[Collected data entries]
[Start of section]

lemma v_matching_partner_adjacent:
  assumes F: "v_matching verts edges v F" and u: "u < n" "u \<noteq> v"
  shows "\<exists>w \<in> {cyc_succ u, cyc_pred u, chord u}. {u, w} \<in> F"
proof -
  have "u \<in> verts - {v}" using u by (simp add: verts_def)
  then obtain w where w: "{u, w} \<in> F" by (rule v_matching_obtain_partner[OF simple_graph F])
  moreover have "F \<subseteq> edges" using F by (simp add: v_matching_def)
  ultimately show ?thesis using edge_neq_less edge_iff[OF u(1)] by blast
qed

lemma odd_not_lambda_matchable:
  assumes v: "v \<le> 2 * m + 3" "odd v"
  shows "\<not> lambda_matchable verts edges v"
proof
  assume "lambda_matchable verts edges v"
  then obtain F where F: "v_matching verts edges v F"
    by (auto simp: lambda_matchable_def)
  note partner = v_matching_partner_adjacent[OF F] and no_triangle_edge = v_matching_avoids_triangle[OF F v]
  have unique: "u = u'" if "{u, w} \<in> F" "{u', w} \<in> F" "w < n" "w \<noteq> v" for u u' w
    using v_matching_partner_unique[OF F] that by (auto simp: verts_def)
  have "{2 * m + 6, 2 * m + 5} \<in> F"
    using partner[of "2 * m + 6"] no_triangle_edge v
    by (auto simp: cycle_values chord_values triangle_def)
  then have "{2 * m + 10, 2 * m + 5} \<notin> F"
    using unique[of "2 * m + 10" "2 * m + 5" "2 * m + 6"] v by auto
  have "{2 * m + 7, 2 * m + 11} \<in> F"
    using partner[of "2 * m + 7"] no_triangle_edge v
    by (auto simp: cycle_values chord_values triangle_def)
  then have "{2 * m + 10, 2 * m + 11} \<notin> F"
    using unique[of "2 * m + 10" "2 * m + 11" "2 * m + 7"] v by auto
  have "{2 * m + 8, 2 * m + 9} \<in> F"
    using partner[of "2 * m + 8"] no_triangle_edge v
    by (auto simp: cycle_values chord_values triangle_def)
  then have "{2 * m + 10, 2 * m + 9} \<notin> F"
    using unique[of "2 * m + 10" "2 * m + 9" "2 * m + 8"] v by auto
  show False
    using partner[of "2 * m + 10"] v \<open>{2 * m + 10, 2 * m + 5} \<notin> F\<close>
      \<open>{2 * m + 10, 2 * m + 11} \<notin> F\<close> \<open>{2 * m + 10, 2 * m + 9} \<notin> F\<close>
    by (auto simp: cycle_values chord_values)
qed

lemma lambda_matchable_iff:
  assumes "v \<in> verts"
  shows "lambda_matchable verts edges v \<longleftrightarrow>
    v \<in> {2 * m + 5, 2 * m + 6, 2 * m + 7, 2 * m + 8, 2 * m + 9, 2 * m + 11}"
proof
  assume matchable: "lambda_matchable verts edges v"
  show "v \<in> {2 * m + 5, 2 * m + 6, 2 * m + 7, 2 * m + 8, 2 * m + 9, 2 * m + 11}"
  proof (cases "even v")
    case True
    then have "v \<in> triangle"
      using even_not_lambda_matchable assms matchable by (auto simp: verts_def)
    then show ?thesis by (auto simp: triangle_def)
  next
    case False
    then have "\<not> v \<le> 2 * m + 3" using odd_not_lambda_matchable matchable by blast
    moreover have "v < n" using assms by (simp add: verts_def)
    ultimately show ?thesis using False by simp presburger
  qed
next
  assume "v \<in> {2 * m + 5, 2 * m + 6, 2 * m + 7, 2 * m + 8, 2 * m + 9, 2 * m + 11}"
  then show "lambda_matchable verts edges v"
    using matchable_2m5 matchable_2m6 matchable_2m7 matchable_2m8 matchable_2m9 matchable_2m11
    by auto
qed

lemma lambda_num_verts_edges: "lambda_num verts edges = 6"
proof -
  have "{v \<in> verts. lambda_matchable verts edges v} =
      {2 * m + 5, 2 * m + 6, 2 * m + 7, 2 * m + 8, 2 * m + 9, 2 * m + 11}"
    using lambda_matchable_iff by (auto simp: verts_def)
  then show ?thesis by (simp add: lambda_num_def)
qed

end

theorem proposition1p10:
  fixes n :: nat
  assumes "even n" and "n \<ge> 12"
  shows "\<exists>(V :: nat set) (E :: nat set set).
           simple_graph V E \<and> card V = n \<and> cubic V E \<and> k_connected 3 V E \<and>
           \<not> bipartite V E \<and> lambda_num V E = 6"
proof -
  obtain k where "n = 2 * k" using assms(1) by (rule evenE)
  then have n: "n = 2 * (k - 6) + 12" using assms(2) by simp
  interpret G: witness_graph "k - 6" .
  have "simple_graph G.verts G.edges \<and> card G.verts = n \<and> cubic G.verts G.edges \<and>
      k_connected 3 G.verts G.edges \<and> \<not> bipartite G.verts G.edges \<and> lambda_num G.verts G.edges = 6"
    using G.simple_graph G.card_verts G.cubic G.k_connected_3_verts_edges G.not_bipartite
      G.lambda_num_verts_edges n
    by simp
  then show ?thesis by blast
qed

[End of section]
[Start of section]

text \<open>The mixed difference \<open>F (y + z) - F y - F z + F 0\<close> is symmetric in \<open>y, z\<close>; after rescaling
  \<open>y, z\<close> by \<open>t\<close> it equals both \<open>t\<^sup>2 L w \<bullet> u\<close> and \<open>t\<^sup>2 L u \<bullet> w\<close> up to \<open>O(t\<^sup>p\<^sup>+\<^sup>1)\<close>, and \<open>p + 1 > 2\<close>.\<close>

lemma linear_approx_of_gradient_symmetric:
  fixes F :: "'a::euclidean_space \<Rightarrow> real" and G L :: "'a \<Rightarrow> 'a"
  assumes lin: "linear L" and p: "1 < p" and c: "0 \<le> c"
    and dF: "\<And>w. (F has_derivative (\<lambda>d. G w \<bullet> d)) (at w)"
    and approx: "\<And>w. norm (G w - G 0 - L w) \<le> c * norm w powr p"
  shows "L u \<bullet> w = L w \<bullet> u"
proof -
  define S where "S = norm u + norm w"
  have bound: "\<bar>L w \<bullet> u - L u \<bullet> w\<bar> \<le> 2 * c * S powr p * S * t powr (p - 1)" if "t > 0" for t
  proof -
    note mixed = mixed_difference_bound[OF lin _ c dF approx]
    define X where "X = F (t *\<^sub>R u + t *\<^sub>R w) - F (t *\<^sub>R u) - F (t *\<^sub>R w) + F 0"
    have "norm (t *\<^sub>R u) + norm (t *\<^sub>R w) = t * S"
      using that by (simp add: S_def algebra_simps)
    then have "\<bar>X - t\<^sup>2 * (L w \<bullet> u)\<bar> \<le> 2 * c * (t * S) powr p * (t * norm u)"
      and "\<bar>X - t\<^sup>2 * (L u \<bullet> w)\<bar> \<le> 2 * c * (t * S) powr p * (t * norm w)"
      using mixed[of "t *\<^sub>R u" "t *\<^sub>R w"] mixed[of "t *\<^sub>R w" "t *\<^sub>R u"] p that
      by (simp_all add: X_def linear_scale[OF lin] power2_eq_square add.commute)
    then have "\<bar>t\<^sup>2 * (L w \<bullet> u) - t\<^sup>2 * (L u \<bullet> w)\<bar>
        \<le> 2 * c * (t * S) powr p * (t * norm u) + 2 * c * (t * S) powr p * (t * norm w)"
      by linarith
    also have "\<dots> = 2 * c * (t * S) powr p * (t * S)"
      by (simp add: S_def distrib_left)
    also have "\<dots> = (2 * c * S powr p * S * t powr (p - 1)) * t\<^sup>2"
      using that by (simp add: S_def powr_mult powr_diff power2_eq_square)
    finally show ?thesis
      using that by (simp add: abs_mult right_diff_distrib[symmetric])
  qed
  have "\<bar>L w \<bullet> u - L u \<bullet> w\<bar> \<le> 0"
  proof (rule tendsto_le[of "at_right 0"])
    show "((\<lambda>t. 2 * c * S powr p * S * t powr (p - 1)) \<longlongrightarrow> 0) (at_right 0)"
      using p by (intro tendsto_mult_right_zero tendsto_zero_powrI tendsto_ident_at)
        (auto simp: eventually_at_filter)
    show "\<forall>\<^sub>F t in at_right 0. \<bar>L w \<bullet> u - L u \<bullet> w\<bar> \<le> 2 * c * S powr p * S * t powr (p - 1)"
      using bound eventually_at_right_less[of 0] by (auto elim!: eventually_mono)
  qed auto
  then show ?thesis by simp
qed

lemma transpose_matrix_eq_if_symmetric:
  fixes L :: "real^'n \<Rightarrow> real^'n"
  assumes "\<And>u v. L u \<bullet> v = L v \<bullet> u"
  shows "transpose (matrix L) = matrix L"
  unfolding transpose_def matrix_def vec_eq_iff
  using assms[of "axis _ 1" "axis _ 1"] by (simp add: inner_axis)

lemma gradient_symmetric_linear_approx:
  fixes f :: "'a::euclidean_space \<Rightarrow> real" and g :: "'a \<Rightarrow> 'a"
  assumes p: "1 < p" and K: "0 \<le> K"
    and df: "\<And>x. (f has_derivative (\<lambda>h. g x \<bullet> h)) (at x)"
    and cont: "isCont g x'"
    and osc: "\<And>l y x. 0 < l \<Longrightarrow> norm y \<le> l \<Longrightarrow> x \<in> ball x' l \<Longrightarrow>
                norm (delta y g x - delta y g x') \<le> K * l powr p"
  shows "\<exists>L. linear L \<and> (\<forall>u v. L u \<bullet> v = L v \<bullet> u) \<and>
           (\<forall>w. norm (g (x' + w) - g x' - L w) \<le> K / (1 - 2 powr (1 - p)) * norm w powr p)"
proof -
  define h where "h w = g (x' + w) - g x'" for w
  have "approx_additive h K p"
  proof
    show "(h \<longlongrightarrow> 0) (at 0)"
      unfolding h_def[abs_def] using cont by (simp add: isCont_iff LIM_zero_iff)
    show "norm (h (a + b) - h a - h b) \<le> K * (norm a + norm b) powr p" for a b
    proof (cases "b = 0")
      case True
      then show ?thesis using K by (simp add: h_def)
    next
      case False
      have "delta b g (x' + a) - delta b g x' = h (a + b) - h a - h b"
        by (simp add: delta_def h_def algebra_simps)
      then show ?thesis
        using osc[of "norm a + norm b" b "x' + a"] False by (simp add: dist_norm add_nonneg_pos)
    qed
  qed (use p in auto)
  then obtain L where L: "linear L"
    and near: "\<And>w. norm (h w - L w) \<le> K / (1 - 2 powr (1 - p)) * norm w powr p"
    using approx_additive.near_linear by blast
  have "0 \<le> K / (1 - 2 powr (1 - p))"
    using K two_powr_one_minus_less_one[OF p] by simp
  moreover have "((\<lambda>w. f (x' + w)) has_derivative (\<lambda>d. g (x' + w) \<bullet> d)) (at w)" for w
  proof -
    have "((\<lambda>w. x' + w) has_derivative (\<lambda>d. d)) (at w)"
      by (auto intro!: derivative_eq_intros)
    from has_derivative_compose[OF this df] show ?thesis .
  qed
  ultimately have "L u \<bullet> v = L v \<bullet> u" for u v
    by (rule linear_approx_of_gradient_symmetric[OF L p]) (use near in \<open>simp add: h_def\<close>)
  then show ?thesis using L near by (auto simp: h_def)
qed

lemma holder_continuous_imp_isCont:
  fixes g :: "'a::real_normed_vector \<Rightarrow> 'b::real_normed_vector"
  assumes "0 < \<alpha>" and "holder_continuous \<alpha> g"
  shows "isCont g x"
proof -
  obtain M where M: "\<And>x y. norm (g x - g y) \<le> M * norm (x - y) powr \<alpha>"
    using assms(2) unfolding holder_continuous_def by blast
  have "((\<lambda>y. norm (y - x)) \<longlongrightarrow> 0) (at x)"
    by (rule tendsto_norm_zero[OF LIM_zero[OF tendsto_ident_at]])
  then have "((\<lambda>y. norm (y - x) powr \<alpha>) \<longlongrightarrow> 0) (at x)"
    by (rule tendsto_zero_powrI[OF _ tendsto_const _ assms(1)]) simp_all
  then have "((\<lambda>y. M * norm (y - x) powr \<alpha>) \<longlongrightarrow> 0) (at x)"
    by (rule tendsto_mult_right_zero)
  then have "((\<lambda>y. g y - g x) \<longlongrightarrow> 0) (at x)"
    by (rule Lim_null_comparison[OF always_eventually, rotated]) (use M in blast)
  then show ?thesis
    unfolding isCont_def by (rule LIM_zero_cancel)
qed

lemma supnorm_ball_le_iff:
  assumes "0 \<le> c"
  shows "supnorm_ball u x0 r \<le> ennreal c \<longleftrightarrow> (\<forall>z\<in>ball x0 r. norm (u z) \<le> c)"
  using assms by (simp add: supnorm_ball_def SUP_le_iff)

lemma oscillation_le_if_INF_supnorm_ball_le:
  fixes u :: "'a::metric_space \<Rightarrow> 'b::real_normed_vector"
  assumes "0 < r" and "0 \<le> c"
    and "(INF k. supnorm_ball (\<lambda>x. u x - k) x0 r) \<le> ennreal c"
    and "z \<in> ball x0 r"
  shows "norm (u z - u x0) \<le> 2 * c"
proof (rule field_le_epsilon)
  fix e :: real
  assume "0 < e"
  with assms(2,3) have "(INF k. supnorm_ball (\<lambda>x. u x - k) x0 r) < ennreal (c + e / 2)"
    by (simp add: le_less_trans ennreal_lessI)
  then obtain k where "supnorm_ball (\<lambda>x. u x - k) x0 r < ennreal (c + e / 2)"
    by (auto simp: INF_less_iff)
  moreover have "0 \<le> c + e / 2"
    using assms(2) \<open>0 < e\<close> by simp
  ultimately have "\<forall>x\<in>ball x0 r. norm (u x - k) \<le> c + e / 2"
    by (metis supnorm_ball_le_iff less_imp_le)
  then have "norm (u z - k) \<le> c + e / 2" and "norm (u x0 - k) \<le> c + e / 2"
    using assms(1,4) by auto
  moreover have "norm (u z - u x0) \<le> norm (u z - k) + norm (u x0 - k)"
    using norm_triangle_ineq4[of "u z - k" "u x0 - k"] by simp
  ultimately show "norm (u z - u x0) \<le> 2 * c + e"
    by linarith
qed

[End of section]

ACTION ITEM: Across the entries, how many lines contain "intro"? Reply with the number only.

THE COMPLETED TASK: 2